----- THE DATA -----
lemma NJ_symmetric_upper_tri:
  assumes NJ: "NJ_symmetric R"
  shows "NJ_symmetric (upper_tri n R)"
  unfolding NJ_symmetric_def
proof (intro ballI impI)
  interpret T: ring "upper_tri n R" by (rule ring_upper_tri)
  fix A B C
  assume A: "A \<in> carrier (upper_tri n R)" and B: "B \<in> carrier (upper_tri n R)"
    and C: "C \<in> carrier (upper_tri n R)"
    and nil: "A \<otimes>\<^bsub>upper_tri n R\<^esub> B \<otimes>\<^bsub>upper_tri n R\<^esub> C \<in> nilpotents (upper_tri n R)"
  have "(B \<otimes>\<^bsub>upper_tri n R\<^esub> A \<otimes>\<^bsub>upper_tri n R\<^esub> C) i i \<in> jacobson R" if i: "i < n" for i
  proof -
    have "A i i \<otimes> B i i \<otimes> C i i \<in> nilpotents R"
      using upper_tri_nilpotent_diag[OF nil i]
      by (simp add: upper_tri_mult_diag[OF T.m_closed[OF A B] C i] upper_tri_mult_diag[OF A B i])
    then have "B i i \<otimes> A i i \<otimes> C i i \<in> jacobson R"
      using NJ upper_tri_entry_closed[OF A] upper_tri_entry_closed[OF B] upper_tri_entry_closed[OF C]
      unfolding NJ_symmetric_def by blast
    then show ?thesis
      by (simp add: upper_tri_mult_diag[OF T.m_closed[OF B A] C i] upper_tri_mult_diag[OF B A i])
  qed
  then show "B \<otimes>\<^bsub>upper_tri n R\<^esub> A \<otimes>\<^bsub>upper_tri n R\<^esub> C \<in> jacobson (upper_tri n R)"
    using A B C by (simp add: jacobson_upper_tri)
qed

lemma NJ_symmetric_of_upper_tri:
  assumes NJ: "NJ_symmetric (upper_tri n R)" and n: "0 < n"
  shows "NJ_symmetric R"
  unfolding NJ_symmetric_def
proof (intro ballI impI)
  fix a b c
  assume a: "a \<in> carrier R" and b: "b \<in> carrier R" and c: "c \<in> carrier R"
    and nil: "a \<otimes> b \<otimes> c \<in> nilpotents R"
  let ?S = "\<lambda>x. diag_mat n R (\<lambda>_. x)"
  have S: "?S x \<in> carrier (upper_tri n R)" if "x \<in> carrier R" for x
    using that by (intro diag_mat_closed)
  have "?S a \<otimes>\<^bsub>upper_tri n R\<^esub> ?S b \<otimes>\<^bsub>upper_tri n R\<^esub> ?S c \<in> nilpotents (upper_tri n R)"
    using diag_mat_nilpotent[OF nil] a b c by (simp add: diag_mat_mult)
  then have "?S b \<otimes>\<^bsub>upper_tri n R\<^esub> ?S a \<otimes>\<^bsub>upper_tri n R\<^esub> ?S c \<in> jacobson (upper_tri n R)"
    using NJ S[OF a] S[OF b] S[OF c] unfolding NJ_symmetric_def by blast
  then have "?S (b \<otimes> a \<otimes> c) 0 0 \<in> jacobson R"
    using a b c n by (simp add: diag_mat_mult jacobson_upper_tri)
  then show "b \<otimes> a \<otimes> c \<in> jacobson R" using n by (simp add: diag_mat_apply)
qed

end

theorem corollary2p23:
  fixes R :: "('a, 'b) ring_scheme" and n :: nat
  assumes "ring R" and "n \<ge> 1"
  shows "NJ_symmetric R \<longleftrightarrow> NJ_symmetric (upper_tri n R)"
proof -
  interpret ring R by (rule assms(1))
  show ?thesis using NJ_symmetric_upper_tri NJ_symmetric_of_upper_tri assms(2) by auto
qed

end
-----
----- THE DATA -----
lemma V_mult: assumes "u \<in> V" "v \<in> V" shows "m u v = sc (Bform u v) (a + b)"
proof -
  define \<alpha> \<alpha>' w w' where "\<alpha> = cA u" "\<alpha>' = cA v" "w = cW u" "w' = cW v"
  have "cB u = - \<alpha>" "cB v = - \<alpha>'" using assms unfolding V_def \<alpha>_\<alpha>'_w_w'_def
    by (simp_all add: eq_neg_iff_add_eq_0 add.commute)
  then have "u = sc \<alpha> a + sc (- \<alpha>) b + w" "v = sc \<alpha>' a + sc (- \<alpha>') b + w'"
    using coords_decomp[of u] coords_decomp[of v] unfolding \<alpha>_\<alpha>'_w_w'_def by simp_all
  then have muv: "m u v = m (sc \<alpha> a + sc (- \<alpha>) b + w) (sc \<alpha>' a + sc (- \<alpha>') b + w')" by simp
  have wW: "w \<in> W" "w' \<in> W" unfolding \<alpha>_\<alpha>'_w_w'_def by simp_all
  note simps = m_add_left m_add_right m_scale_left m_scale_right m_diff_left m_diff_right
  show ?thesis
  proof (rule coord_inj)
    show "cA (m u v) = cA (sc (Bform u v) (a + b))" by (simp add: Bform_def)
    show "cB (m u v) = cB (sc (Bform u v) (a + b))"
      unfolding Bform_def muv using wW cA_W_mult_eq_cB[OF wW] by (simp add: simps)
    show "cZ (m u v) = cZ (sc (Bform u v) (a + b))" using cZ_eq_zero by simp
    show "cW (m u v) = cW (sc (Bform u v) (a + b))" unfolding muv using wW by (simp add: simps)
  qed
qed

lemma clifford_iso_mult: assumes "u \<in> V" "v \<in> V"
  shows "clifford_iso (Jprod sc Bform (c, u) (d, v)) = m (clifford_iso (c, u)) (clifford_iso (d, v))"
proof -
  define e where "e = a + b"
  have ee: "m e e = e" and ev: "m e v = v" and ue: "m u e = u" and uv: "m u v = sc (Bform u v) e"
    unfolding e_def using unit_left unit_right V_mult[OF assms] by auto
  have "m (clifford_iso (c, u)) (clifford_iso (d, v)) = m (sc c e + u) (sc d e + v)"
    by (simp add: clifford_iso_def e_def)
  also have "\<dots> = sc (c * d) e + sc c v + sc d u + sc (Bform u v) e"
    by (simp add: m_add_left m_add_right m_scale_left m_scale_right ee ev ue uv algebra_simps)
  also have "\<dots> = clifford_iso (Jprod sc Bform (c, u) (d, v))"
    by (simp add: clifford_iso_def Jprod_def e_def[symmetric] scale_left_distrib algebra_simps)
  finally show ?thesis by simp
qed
-----
----- THE DATA -----
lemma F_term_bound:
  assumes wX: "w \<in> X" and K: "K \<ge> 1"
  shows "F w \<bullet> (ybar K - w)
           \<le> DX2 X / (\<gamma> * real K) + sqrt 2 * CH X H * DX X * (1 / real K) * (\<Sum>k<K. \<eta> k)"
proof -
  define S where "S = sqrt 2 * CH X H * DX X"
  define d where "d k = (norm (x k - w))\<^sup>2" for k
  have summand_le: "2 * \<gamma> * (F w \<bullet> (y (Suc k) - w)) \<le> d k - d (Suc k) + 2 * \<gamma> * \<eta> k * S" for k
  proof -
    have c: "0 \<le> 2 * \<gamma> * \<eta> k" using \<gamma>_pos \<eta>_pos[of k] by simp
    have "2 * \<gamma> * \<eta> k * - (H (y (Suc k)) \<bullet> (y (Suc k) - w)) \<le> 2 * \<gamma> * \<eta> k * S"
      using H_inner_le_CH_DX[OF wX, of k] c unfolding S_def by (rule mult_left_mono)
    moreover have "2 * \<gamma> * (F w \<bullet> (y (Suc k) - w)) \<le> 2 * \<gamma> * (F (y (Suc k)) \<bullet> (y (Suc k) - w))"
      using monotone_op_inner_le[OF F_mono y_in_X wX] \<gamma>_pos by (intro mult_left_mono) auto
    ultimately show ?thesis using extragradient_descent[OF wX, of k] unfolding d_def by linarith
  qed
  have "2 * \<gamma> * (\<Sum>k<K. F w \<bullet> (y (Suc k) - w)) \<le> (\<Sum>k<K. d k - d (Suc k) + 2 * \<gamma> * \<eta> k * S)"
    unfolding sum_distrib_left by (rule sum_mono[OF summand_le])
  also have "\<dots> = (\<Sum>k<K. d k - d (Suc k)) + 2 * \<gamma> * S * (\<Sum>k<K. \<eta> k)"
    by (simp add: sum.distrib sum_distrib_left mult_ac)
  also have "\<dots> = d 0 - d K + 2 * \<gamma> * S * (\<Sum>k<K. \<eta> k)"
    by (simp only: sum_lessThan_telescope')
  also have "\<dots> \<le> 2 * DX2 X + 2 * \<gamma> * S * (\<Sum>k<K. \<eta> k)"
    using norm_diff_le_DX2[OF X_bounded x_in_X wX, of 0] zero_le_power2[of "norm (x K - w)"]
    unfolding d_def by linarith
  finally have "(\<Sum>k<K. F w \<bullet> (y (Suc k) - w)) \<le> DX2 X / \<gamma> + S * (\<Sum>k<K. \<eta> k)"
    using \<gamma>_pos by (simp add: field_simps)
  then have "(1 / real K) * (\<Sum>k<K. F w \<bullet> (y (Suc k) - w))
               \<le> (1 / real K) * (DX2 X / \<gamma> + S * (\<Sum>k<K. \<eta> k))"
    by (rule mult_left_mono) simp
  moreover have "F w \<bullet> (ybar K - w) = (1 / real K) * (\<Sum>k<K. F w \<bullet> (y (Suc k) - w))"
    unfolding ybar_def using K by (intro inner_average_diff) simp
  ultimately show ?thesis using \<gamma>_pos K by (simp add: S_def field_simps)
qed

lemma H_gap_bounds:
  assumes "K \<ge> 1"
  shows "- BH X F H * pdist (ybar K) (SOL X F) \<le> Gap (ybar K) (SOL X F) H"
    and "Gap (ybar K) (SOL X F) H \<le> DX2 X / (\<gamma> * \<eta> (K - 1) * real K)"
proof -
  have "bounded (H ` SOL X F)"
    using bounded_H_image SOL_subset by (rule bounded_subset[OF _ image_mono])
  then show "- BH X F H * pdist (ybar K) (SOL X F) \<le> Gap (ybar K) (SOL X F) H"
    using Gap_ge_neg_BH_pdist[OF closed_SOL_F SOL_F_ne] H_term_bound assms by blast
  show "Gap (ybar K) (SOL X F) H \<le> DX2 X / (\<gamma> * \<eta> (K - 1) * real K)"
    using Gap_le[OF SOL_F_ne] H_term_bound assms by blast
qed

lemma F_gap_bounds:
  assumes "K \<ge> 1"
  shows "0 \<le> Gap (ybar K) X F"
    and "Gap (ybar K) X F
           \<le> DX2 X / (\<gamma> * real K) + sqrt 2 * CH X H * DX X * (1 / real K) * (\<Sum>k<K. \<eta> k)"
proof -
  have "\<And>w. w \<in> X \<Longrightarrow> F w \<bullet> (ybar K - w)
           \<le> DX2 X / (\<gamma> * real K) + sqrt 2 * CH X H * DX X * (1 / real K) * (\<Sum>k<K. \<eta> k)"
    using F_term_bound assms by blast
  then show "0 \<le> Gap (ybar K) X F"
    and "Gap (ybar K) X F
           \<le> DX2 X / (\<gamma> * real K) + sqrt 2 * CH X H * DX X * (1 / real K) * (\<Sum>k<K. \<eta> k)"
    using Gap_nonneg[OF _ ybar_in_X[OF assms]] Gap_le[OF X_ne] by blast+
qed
-----
_TASK BRIEF_
Identify each line in the records above containing the word "where"; copy those lines.

_ANSWER SECTION_
  define \<alpha> \<alpha>' w w' where "\<alpha> = cA u" "\<alpha>' = cA v" "w = cW u" "w' = cW v"
  define e where "e = a + b"
  define S where "S = sqrt 2 * CH X H * DX X"
  define d where "d k = (norm (x k - w))\<^sup>2" for k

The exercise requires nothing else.